-- PROVIDED MATERIAL follows --

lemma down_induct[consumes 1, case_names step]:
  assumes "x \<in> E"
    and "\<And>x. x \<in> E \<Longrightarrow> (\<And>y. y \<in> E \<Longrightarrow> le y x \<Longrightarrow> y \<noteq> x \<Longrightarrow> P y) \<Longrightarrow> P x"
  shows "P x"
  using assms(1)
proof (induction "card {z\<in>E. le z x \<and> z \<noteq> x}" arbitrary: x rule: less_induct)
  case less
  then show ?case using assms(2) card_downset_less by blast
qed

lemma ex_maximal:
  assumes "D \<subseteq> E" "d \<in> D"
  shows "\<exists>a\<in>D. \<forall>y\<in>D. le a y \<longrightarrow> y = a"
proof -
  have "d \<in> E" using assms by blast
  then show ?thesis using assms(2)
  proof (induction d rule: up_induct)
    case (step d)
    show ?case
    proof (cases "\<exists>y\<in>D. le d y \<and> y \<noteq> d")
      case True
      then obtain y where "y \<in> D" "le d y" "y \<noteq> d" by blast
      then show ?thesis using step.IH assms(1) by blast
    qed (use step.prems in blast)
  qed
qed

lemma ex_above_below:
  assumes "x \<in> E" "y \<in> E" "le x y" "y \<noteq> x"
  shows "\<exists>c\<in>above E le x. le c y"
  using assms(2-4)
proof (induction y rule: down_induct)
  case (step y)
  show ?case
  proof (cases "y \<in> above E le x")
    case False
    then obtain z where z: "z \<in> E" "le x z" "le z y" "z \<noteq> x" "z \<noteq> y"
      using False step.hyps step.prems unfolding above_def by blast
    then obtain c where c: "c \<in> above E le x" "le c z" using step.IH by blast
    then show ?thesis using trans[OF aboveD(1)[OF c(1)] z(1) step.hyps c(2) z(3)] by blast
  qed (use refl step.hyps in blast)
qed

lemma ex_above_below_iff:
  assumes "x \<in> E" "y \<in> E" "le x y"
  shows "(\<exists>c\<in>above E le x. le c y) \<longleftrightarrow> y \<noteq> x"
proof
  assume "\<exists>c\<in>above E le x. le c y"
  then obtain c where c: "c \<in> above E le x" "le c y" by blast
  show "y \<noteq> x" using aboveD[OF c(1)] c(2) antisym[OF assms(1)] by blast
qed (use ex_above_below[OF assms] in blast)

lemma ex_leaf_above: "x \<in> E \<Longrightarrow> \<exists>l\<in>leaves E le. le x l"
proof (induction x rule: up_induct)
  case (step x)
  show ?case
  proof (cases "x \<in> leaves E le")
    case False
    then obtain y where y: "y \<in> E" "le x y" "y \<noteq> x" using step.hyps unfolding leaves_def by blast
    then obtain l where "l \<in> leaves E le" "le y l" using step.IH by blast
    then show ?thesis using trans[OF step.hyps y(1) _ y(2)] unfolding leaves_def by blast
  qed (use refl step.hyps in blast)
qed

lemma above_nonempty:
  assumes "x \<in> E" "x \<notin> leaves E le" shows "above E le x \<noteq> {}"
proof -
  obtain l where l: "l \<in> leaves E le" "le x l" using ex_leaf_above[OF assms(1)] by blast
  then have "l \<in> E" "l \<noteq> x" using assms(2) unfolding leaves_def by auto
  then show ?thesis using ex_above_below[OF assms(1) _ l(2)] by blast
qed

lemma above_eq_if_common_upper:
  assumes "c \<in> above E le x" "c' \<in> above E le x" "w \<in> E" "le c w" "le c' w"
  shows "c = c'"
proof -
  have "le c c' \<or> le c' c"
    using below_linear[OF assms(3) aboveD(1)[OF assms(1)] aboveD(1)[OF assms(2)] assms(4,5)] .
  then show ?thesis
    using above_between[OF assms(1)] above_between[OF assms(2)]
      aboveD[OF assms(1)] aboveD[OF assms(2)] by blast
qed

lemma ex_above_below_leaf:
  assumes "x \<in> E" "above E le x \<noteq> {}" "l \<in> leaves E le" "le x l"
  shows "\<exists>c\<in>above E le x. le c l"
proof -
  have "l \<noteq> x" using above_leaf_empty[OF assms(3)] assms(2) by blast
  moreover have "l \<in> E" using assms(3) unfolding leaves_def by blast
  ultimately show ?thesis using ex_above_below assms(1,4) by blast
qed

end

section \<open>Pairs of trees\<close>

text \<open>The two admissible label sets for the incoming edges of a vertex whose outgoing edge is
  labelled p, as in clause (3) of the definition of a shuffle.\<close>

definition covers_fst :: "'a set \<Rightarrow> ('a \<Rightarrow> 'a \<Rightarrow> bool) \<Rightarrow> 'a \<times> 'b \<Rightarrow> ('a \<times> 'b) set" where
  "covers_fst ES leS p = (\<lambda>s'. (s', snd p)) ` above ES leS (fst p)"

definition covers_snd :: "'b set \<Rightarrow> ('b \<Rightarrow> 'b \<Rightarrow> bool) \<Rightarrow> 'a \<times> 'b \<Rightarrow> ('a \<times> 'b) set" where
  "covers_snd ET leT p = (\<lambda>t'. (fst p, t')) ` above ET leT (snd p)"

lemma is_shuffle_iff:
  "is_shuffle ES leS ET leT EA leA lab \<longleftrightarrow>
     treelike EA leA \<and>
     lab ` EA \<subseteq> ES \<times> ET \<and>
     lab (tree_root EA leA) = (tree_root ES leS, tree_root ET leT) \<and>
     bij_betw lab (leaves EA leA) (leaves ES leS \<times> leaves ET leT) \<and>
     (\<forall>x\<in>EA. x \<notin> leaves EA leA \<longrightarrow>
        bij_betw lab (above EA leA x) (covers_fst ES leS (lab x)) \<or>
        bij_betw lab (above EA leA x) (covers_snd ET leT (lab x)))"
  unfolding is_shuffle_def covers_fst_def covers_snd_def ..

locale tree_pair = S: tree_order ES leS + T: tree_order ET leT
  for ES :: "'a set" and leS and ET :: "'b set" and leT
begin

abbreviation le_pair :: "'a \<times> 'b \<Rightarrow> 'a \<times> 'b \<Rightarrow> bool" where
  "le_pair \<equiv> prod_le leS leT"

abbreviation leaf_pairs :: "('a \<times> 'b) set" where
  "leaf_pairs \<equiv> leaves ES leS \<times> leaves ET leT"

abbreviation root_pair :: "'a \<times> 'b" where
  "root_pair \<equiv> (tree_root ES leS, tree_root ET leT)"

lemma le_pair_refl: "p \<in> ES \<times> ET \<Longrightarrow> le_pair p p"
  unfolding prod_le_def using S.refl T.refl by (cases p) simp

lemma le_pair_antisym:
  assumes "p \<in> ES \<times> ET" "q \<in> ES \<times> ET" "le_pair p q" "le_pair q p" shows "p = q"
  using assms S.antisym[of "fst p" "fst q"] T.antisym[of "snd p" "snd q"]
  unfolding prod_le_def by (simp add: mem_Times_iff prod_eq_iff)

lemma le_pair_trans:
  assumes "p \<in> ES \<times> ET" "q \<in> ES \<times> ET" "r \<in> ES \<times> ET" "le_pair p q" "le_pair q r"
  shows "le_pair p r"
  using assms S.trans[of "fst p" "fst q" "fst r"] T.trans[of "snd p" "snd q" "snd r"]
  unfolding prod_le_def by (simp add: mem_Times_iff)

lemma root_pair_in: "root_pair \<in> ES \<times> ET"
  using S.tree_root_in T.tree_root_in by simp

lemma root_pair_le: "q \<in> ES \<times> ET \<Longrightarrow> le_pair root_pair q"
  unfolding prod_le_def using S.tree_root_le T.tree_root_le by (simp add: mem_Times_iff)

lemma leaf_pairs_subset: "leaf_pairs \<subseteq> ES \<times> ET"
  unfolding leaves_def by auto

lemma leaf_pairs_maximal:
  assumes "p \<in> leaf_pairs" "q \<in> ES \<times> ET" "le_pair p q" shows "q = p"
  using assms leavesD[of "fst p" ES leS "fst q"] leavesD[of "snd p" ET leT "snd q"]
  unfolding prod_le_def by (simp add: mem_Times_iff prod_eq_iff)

-- PROVIDED MATERIAL concluded --
-- PROVIDED MATERIAL follows --

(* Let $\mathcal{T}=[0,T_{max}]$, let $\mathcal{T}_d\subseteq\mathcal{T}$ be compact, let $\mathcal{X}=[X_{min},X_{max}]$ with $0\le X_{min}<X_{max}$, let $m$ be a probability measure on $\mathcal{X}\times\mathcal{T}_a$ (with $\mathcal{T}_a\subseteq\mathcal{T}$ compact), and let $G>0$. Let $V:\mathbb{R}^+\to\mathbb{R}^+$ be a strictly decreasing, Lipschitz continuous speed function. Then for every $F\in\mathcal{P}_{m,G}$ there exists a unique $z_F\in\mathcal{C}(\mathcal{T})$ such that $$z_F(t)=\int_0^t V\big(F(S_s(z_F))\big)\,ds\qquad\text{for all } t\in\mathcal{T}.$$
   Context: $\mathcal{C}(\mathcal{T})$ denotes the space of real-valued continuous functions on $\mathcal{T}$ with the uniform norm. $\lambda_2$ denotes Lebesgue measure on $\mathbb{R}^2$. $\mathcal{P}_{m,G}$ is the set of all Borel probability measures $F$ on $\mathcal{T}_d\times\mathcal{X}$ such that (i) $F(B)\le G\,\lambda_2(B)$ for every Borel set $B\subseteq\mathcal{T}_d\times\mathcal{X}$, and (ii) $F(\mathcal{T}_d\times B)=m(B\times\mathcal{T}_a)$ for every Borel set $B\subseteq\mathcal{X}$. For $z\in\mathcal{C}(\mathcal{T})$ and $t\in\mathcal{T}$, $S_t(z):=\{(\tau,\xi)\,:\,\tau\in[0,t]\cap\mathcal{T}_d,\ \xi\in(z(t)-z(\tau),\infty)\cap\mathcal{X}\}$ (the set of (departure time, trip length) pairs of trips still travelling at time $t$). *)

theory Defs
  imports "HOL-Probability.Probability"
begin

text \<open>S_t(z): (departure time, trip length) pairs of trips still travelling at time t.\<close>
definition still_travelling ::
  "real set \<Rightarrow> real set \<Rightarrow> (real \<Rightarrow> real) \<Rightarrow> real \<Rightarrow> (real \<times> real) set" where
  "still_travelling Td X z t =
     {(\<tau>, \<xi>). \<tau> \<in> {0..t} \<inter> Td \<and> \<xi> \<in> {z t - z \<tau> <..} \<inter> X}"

-- PROVIDED MATERIAL concluded --

EXERCISE REQUIREMENTS
In your answer, include only the lines above starting at the line that holds "lemma down_induct[consumes 1, case_names" and ending at the line that holds "then show ?thesis using trans[OF aboveD(1)[OF", copied exactly.

SOLUTION
lemma down_induct[consumes 1, case_names step]:
  assumes "x \<in> E"
    and "\<And>x. x \<in> E \<Longrightarrow> (\<And>y. y \<in> E \<Longrightarrow> le y x \<Longrightarrow> y \<noteq> x \<Longrightarrow> P y) \<Longrightarrow> P x"
  shows "P x"
  using assms(1)
proof (induction "card {z\<in>E. le z x \<and> z \<noteq> x}" arbitrary: x rule: less_induct)
  case less
  then show ?case using assms(2) card_downset_less by blast
qed

lemma ex_maximal:
  assumes "D \<subseteq> E" "d \<in> D"
  shows "\<exists>a\<in>D. \<forall>y\<in>D. le a y \<longrightarrow> y = a"
proof -
  have "d \<in> E" using assms by blast
  then show ?thesis using assms(2)
  proof (induction d rule: up_induct)
    case (step d)
    show ?case
    proof (cases "\<exists>y\<in>D. le d y \<and> y \<noteq> d")
      case True
      then obtain y where "y \<in> D" "le d y" "y \<noteq> d" by blast
      then show ?thesis using step.IH assms(1) by blast
    qed (use step.prems in blast)
  qed
qed

lemma ex_above_below:
  assumes "x \<in> E" "y \<in> E" "le x y" "y \<noteq> x"
  shows "\<exists>c\<in>above E le x. le c y"
  using assms(2-4)
proof (induction y rule: down_induct)
  case (step y)
  show ?case
  proof (cases "y \<in> above E le x")
    case False
    then obtain z where z: "z \<in> E" "le x z" "le z y" "z \<noteq> x" "z \<noteq> y"
      using False step.hyps step.prems unfolding above_def by blast
    then obtain c where c: "c \<in> above E le x" "le c z" using step.IH by blast
    then show ?thesis using trans[OF aboveD(1)[OF c(1)] z(1) step.hyps c(2) z(3)] by blast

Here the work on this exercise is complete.